#### PROBLEM
Your task is to output the entries below word for word.

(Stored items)
-------------------------

(* Assume conditions (A1)–(A7) below hold. Then $\gamma_n\|\hat Q_\kappa^{-1}Z_\kappa'\bar U/n\|=O_p(\kappa^{1/2}/n^{1/2})$ as $n\to\infty$ (the left side being interpreted as $0$ when $\gamma_n=0$).
   Context: Model: $d\ge2$ integer; $(Y,X)$ random with $X=(X^1,\dots,X^d)$; sample $\{(Y_i,X_i)\}_{i=1}^n$. $F$ known, $\mu$ constant, $m_j:[-1,1]\to\mathbb R$ with $\int_{-1}^1m_j=0$, $m(x)=\sum_jm_j(x^j)$. $\mathcal X=[-1,1]^d$, $U=Y-F[\mu+m(X)]$, $U_i=Y_i-F[\mu+m(X_i)]$, $V(x)=\mathrm{Var}(U\mid X=x)$. $\|A\|=[\mathrm{trace}(A'A)]^{1/2}$. Basis $\{p_k\}$ on $[-1,1]$ with $m_j=\sum_k\theta_{jk}p_k$; $d(\kappa)=\kappa d+1$; $P_\kappa(x)=[1,p_1(x^1),\dots,p_\kappa(x^1),\dots,p_1(x^d),\dots,p_\kappa(x^d)]'$; $\theta_\kappa=(\mu,\theta_{11},\dots,\theta_{d\kappa})'$; $\zeta_\kappa=\sup_{\mathcal X}\|P_\kappa\|$; $Q_\kappa=\mathbf E\{F'[\mu+m(X)]^2P_\kappa(X)P_\kappa(X)'\}$ (entries $Q_{\kappa,ij}$, smallest eigenvalue $\lambda_{\kappa,\min}$); $\Psi_\kappa=Q_\kappa^{-1}\mathbf E\{F'[\mu+m(X)]^2V(X)P_\kappa P_\kappa'\}Q_\kappa^{-1}$; $\Theta_\kappa=[-C_\theta,C_\theta]^{d(\kappa)}$. $Z_{\kappa i}=F'[\mu+m(X_i)]P_\kappa(X_i)$, $Z_\kappa$ is the $n\times d(\kappa)$ matrix with $i$th row $Z_{\kappa i}'$, $\hat Q_\kappa=n^{-1}\sum_iZ_{\kappa i}Z_{\kappa i}'$, $\bar U=(U_1,\dots,U_n)'$, and $\gamma_n$ is the indicator that the smallest eigenvalue of $\hat Q_\kappa$ is at least $c_\lambda/2$. Assumptions: (A1) data i.i.d., $\mathbf E(Y\mid X=x)=F[\mu+m(x)]$ a.e. (A2) support of $X$ is $\mathcal X$; density $f_X$ bounded, bounded away from zero, twice continuously differentiable; $0<c_V\le V\le C_V<\infty$; $\mathbf E|U|^j\le C_U^{j-2}j!\mathbf E(U^2)<\infty$, $j\ge2$. (A3) $|m_j|\le C_m$, $m_j\in C^2[-1,1]$; on $I=[\mu-C_md,\mu+C_md]$: $F\le C_{F1}$, $0<c_{F2}\le F'\le C_{F2}$, $F\in C^2$, $F''$ Lipschitz. (A4) $|Q_{\kappa,ij}|\le C_Q$, $\lambda_{\kappa,\min}>c_\lambda>0$; largest eigenvalue of $\Psi_\kappa$ bounded. (A5) $\int p_k=0$, $\int p_jp_k=\delta_{jk}$; $\zeta_\kappa\ge c_\kappa>0$ for large $\kappa$; $\zeta_\kappa=O(\kappa^{1/2})$; some $\theta_{\kappa0}\in\Theta_\kappa$ has $\sup_{\mathcal X}|\mu+m-P_\kappa'\theta_{\kappa0}|=O(\kappa^{-2})$; $\theta_\kappa$ interior to $\Theta_\kappa$. (A6) $\kappa=C_\kappa n^{4/15+\nu}$, $0<\nu<1/30$; $h=C_hn^{-1/5}$. (A7) the kernel $K$ is a bounded continuous symmetric probability density on $[-1,1]$. *)

theory Defs
  imports "HOL-Probability.Probability" "HOL-Library.Landau_Symbols"
    "Jordan_Normal_Form.Char_Poly" "Jordan_Normal_Form.Gauss_Jordan_Elimination"
begin

text \<open>Vectors/matrices of varying dimension d(kappa) are Jordan_Normal_Form vectors/matrices
  (types real Matrix.vec, real mat).  Points of R^d are elements of real^'d (Cartesian type),
  with d = CARD('d).\<close>

text \<open>A fixed enumeration of the d coordinates, 0,...,d-1; used only to lay out P_kappa(x).\<close>
definition coord :: "nat \<Rightarrow> 'd::finite" where
  "coord = (SOME f. bij_betw f {..<CARD('d)} (UNIV :: 'd set))"

definition cube :: "(real^'d::finite) set" where
  "cube = cbox (- 1) 1"

text \<open>P_kappa(x) = [1, p_1(x^1),...,p_kappa(x^1),...,p_1(x^d),...,p_kappa(x^d)]'\<close>
definition Pvec :: "(nat \<Rightarrow> real \<Rightarrow> real) \<Rightarrow> nat \<Rightarrow> real^'d::finite \<Rightarrow> real Matrix.vec" where
  "Pvec p \<kappa> x = Matrix.vec (\<kappa> * CARD('d) + 1)
     (\<lambda>i. if i = 0 then 1 else p ((i - 1) mod \<kappa> + 1) (vec_nth x (coord ((i - 1) div \<kappa>))))"

definition madd :: "('d::finite \<Rightarrow> real \<Rightarrow> real) \<Rightarrow> real^'d \<Rightarrow> real" where
  "madd mj x = (\<Sum>j\<in>UNIV. mj j (vec_nth x j))"

definition vnorm :: "real Matrix.vec \<Rightarrow> real" where
  "vnorm v = sqrt (\<Sum>i<dim_vec v. (v $ i)^2)"

definition min_eig :: "real mat \<Rightarrow> real" where
  "min_eig A = Min {e. eigenvalue A e}"

definition max_eig :: "real mat \<Rightarrow> real" where
  "max_eig A = Max {e. eigenvalue A e}"

definition zeta :: "(nat \<Rightarrow> real \<Rightarrow> real) \<Rightarrow> nat \<Rightarrow> 'd::finite itself \<Rightarrow> real" where
  "zeta p \<kappa> _ = (SUP x\<in>(cube :: (real^'d) set). vnorm (Pvec p \<kappa> x))"

definition Qmat :: "'a measure \<Rightarrow> ('a \<Rightarrow> real^'d::finite) \<Rightarrow> (real \<Rightarrow> real) \<Rightarrow> real
     \<Rightarrow> ('d \<Rightarrow> real \<Rightarrow> real) \<Rightarrow> (nat \<Rightarrow> real \<Rightarrow> real) \<Rightarrow> nat \<Rightarrow> real mat" where
  "Qmat M X F' \<mu> mj p \<kappa> = mat (\<kappa> * CARD('d) + 1) (\<kappa> * CARD('d) + 1)
     (\<lambda>(a, b). \<integral>\<omega>. (F' (\<mu> + madd mj (X \<omega>)))^2 * (Pvec p \<kappa> (X \<omega>) $ a) * (Pvec p \<kappa> (X \<omega>) $ b) \<partial>M)"

definition Psimat :: "'a measure \<Rightarrow> ('a \<Rightarrow> real^'d::finite) \<Rightarrow> (real \<Rightarrow> real) \<Rightarrow> real
     \<Rightarrow> ('d \<Rightarrow> real \<Rightarrow> real) \<Rightarrow> (nat \<Rightarrow> real \<Rightarrow> real) \<Rightarrow> (real^'d \<Rightarrow> real) \<Rightarrow> nat \<Rightarrow> real mat" where
  "Psimat M X F' \<mu> mj p V \<kappa> =
     (let Qi = the (mat_inverse (Qmat M X F' \<mu> mj p \<kappa>));
          W = mat (\<kappa> * CARD('d) + 1) (\<kappa> * CARD('d) + 1)
            (\<lambda>(a, b). \<integral>\<omega>. (F' (\<mu> + madd mj (X \<omega>)))^2 * V (X \<omega>)
                 * (Pvec p \<kappa> (X \<omega>) $ a) * (Pvec p \<kappa> (X \<omega>) $ b) \<partial>M)
      in Qi * W * Qi)"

-------------------------

#### RESPONSE TO THE TASK
(* Assume conditions (A1)–(A7) below hold. Then $\gamma_n\|\hat Q_\kappa^{-1}Z_\kappa'\bar U/n\|=O_p(\kappa^{1/2}/n^{1/2})$ as $n\to\infty$ (the left side being interpreted as $0$ when $\gamma_n=0$).
   Context: Model: $d\ge2$ integer; $(Y,X)$ random with $X=(X^1,\dots,X^d)$; sample $\{(Y_i,X_i)\}_{i=1}^n$. $F$ known, $\mu$ constant, $m_j:[-1,1]\to\mathbb R$ with $\int_{-1}^1m_j=0$, $m(x)=\sum_jm_j(x^j)$. $\mathcal X=[-1,1]^d$, $U=Y-F[\mu+m(X)]$, $U_i=Y_i-F[\mu+m(X_i)]$, $V(x)=\mathrm{Var}(U\mid X=x)$. $\|A\|=[\mathrm{trace}(A'A)]^{1/2}$. Basis $\{p_k\}$ on $[-1,1]$ with $m_j=\sum_k\theta_{jk}p_k$; $d(\kappa)=\kappa d+1$; $P_\kappa(x)=[1,p_1(x^1),\dots,p_\kappa(x^1),\dots,p_1(x^d),\dots,p_\kappa(x^d)]'$; $\theta_\kappa=(\mu,\theta_{11},\dots,\theta_{d\kappa})'$; $\zeta_\kappa=\sup_{\mathcal X}\|P_\kappa\|$; $Q_\kappa=\mathbf E\{F'[\mu+m(X)]^2P_\kappa(X)P_\kappa(X)'\}$ (entries $Q_{\kappa,ij}$, smallest eigenvalue $\lambda_{\kappa,\min}$); $\Psi_\kappa=Q_\kappa^{-1}\mathbf E\{F'[\mu+m(X)]^2V(X)P_\kappa P_\kappa'\}Q_\kappa^{-1}$; $\Theta_\kappa=[-C_\theta,C_\theta]^{d(\kappa)}$. $Z_{\kappa i}=F'[\mu+m(X_i)]P_\kappa(X_i)$, $Z_\kappa$ is the $n\times d(\kappa)$ matrix with $i$th row $Z_{\kappa i}'$, $\hat Q_\kappa=n^{-1}\sum_iZ_{\kappa i}Z_{\kappa i}'$, $\bar U=(U_1,\dots,U_n)'$, and $\gamma_n$ is the indicator that the smallest eigenvalue of $\hat Q_\kappa$ is at least $c_\lambda/2$. Assumptions: (A1) data i.i.d., $\mathbf E(Y\mid X=x)=F[\mu+m(x)]$ a.e. (A2) support of $X$ is $\mathcal X$; density $f_X$ bounded, bounded away from zero, twice continuously differentiable; $0<c_V\le V\le C_V<\infty$; $\mathbf E|U|^j\le C_U^{j-2}j!\mathbf E(U^2)<\infty$, $j\ge2$. (A3) $|m_j|\le C_m$, $m_j\in C^2[-1,1]$; on $I=[\mu-C_md,\mu+C_md]$: $F\le C_{F1}$, $0<c_{F2}\le F'\le C_{F2}$, $F\in C^2$, $F''$ Lipschitz. (A4) $|Q_{\kappa,ij}|\le C_Q$, $\lambda_{\kappa,\min}>c_\lambda>0$; largest eigenvalue of $\Psi_\kappa$ bounded. (A5) $\int p_k=0$, $\int p_jp_k=\delta_{jk}$; $\zeta_\kappa\ge c_\kappa>0$ for large $\kappa$; $\zeta_\kappa=O(\kappa^{1/2})$; some $\theta_{\kappa0}\in\Theta_\kappa$ has $\sup_{\mathcal X}|\mu+m-P_\kappa'\theta_{\kappa0}|=O(\kappa^{-2})$; $\theta_\kappa$ interior to $\Theta_\kappa$. (A6) $\kappa=C_\kappa n^{4/15+\nu}$, $0<\nu<1/30$; $h=C_hn^{-1/5}$. (A7) the kernel $K$ is a bounded continuous symmetric probability density on $[-1,1]$. *)

theory Defs
  imports "HOL-Probability.Probability" "HOL-Library.Landau_Symbols"
    "Jordan_Normal_Form.Char_Poly" "Jordan_Normal_Form.Gauss_Jordan_Elimination"
begin

text \<open>Vectors/matrices of varying dimension d(kappa) are Jordan_Normal_Form vectors/matrices
  (types real Matrix.vec, real mat).  Points of R^d are elements of real^'d (Cartesian type),
  with d = CARD('d).\<close>

text \<open>A fixed enumeration of the d coordinates, 0,...,d-1; used only to lay out P_kappa(x).\<close>
definition coord :: "nat \<Rightarrow> 'd::finite" where
  "coord = (SOME f. bij_betw f {..<CARD('d)} (UNIV :: 'd set))"

definition cube :: "(real^'d::finite) set" where
  "cube = cbox (- 1) 1"

text \<open>P_kappa(x) = [1, p_1(x^1),...,p_kappa(x^1),...,p_1(x^d),...,p_kappa(x^d)]'\<close>
definition Pvec :: "(nat \<Rightarrow> real \<Rightarrow> real) \<Rightarrow> nat \<Rightarrow> real^'d::finite \<Rightarrow> real Matrix.vec" where
  "Pvec p \<kappa> x = Matrix.vec (\<kappa> * CARD('d) + 1)
     (\<lambda>i. if i = 0 then 1 else p ((i - 1) mod \<kappa> + 1) (vec_nth x (coord ((i - 1) div \<kappa>))))"

definition madd :: "('d::finite \<Rightarrow> real \<Rightarrow> real) \<Rightarrow> real^'d \<Rightarrow> real" where
  "madd mj x = (\<Sum>j\<in>UNIV. mj j (vec_nth x j))"

definition vnorm :: "real Matrix.vec \<Rightarrow> real" where
  "vnorm v = sqrt (\<Sum>i<dim_vec v. (v $ i)^2)"

definition min_eig :: "real mat \<Rightarrow> real" where
  "min_eig A = Min {e. eigenvalue A e}"

definition max_eig :: "real mat \<Rightarrow> real" where
  "max_eig A = Max {e. eigenvalue A e}"

definition zeta :: "(nat \<Rightarrow> real \<Rightarrow> real) \<Rightarrow> nat \<Rightarrow> 'd::finite itself \<Rightarrow> real" where
  "zeta p \<kappa> _ = (SUP x\<in>(cube :: (real^'d) set). vnorm (Pvec p \<kappa> x))"

definition Qmat :: "'a measure \<Rightarrow> ('a \<Rightarrow> real^'d::finite) \<Rightarrow> (real \<Rightarrow> real) \<Rightarrow> real
     \<Rightarrow> ('d \<Rightarrow> real \<Rightarrow> real) \<Rightarrow> (nat \<Rightarrow> real \<Rightarrow> real) \<Rightarrow> nat \<Rightarrow> real mat" where
  "Qmat M X F' \<mu> mj p \<kappa> = mat (\<kappa> * CARD('d) + 1) (\<kappa> * CARD('d) + 1)
     (\<lambda>(a, b). \<integral>\<omega>. (F' (\<mu> + madd mj (X \<omega>)))^2 * (Pvec p \<kappa> (X \<omega>) $ a) * (Pvec p \<kappa> (X \<omega>) $ b) \<partial>M)"

definition Psimat :: "'a measure \<Rightarrow> ('a \<Rightarrow> real^'d::finite) \<Rightarrow> (real \<Rightarrow> real) \<Rightarrow> real
     \<Rightarrow> ('d \<Rightarrow> real \<Rightarrow> real) \<Rightarrow> (nat \<Rightarrow> real \<Rightarrow> real) \<Rightarrow> (real^'d \<Rightarrow> real) \<Rightarrow> nat \<Rightarrow> real mat" where
  "Psimat M X F' \<mu> mj p V \<kappa> =
     (let Qi = the (mat_inverse (Qmat M X F' \<mu> mj p \<kappa>));
          W = mat (\<kappa> * CARD('d) + 1) (\<kappa> * CARD('d) + 1)
            (\<lambda>(a, b). \<integral>\<omega>. (F' (\<mu> + madd mj (X \<omega>)))^2 * V (X \<omega>)
                 * (Pvec p \<kappa> (X \<omega>) $ a) * (Pvec p \<kappa> (X \<omega>) $ b) \<partial>M)
      in Qi * W * Qi)"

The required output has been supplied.